Exercise: Copy out all lines in the data below containing the string "proof".

[Provided data — start]

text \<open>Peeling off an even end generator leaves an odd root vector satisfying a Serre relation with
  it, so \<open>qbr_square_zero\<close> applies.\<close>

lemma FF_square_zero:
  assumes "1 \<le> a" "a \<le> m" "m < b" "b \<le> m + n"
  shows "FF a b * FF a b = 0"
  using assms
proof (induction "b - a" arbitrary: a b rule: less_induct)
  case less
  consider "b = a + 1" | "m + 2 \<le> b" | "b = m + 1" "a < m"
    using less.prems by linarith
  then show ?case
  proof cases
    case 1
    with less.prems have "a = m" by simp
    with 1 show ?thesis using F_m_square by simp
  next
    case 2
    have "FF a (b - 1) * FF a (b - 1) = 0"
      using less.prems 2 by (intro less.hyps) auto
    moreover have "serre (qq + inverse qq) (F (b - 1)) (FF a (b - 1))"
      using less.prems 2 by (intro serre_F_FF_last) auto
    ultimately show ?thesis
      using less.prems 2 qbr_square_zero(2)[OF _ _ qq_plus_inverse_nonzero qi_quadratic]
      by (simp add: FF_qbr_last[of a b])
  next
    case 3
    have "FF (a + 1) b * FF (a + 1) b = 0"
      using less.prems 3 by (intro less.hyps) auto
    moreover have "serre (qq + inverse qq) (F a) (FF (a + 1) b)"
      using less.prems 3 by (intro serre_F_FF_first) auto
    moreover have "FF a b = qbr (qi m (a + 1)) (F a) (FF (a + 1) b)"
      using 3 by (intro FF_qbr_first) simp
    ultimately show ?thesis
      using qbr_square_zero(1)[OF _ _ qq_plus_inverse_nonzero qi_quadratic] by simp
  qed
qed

[Provided data — finish]

Task output:
proof (induction "b - a" arbitrary: a b rule: less_induct)
  proof cases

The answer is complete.